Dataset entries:
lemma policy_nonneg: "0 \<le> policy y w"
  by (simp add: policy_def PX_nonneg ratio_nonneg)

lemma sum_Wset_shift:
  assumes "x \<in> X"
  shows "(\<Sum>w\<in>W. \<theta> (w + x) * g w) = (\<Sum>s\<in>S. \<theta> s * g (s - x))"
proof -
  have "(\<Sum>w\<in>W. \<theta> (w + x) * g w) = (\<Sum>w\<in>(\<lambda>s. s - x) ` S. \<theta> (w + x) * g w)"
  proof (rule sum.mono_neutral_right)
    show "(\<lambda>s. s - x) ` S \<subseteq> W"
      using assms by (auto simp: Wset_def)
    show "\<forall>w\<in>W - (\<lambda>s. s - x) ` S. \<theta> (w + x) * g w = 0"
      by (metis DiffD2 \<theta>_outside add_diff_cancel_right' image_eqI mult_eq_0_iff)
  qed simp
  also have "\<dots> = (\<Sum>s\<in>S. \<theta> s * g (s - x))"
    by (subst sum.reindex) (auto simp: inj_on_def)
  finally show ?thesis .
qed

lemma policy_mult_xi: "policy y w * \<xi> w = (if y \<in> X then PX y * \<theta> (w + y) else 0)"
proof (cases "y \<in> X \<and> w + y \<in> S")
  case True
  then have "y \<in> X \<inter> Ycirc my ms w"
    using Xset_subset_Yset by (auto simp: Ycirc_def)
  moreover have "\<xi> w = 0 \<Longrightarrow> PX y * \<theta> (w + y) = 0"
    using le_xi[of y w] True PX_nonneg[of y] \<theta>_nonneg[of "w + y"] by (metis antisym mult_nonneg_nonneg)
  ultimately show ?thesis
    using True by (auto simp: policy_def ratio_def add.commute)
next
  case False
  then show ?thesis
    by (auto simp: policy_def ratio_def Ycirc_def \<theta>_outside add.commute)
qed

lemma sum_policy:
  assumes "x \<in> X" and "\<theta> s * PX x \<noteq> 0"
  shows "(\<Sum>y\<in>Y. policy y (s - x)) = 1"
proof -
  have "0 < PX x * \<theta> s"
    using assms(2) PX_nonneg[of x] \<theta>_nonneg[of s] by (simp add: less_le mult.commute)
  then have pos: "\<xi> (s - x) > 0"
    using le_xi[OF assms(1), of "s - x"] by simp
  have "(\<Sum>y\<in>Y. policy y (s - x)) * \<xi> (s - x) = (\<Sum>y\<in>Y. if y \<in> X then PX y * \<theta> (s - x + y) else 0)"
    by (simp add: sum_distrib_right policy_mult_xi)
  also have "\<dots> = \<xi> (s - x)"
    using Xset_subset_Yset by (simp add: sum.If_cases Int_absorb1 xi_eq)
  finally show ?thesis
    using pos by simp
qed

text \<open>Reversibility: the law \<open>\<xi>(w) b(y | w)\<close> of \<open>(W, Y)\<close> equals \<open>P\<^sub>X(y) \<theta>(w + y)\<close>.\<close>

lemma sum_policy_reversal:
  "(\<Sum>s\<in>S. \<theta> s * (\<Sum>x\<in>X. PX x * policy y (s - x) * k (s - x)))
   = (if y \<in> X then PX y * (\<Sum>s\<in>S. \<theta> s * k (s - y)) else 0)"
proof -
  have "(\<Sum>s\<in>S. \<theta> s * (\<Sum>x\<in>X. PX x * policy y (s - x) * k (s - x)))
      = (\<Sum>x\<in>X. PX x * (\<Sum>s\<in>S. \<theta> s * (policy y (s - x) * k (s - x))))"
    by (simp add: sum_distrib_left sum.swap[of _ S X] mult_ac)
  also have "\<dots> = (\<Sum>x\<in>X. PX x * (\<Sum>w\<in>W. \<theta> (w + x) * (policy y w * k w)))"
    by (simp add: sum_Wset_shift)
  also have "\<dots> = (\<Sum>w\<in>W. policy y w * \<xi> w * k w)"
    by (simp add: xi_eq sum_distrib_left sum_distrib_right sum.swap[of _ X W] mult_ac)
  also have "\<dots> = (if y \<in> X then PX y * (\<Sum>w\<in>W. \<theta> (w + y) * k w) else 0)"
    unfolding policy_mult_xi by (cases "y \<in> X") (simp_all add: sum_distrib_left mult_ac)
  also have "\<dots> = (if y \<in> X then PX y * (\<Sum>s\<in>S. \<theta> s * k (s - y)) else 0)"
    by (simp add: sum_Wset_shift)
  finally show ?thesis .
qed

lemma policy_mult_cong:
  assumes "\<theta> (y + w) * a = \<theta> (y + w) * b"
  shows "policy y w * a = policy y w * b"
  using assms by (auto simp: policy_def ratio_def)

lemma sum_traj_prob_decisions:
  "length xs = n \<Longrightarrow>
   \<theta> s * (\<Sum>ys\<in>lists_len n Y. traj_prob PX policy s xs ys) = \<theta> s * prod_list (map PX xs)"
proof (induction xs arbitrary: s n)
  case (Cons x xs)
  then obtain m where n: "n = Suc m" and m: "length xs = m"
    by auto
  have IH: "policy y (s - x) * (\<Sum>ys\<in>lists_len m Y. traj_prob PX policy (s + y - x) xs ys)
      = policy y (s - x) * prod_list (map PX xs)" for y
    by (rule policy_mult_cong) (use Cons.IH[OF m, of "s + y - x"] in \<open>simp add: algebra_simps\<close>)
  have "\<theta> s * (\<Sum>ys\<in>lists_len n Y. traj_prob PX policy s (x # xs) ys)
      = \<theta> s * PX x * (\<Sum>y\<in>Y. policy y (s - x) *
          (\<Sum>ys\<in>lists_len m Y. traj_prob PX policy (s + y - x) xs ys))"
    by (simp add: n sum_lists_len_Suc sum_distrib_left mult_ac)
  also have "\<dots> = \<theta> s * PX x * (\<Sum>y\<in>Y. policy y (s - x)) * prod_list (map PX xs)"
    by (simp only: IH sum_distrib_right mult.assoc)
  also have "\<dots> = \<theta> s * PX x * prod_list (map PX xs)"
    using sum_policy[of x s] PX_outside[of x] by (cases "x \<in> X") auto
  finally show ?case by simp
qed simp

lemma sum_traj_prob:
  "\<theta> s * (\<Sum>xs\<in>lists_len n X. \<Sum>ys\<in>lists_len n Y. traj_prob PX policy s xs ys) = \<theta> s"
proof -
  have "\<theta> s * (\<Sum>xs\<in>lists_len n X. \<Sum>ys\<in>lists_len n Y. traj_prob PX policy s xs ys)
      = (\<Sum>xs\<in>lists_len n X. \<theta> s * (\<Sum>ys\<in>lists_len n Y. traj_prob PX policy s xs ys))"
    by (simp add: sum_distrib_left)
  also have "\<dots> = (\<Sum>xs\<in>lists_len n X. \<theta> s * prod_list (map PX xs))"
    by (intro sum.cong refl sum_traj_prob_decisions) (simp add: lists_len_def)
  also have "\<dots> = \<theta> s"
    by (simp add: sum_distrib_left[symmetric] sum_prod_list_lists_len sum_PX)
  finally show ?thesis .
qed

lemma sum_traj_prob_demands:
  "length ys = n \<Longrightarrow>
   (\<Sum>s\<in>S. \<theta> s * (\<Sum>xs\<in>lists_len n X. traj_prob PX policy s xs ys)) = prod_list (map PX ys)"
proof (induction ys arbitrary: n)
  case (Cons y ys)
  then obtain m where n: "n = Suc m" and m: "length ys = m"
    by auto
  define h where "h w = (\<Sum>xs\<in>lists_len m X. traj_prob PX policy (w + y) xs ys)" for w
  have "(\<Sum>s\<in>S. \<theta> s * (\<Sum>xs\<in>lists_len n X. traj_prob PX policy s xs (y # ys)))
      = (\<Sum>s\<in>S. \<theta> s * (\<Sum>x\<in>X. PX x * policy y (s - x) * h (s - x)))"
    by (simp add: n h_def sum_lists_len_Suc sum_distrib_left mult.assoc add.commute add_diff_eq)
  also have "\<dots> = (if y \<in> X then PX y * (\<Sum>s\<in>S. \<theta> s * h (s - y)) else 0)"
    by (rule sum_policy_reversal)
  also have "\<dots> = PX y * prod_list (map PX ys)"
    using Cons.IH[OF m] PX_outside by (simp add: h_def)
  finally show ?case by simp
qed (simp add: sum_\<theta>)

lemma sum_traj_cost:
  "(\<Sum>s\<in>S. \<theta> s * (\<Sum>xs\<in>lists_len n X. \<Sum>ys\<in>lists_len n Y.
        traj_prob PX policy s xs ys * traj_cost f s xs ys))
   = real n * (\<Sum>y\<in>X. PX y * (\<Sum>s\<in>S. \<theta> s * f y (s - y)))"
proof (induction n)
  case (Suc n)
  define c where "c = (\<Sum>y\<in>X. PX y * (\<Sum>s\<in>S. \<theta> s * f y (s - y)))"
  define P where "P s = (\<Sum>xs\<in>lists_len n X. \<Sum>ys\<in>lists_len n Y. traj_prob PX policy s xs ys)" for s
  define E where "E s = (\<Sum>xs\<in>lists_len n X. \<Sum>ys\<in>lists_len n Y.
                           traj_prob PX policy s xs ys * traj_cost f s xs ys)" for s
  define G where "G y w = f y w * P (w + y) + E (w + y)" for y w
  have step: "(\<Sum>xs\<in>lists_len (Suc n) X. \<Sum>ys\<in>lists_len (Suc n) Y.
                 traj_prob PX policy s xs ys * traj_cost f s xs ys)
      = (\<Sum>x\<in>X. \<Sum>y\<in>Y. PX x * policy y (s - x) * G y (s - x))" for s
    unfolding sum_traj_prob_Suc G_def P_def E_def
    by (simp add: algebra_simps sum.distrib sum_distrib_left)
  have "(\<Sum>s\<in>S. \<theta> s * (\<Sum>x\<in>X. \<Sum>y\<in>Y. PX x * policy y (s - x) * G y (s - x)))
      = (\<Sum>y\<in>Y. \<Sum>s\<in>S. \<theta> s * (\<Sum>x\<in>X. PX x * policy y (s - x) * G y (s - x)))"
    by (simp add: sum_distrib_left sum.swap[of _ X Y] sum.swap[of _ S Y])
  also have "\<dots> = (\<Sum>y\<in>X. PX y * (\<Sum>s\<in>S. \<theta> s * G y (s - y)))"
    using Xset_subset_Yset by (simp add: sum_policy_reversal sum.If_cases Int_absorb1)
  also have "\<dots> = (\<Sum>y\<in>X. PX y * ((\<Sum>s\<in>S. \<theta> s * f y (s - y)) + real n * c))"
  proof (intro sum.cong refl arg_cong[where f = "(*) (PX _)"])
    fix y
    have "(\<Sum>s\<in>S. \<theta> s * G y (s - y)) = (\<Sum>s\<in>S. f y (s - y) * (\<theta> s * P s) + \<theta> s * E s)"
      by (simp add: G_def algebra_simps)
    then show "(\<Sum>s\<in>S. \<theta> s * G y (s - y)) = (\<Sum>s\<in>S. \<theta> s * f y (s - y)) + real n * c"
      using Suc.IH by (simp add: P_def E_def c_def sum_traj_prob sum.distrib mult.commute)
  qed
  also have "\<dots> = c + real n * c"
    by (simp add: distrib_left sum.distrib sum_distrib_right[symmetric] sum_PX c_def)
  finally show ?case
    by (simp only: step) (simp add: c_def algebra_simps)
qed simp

▶ _TASK DESCRIPTION_
Once the line with "by (simp add: distrib_left" is found, transcribe it and each line after it through the final line of the entries, exactly and only.

▶ _ANSWER SECTION_
    by (simp add: distrib_left sum.distrib sum_distrib_right[symmetric] sum_PX c_def)
  finally show ?case
    by (simp only: step) (simp add: c_def algebra_simps)
qed simp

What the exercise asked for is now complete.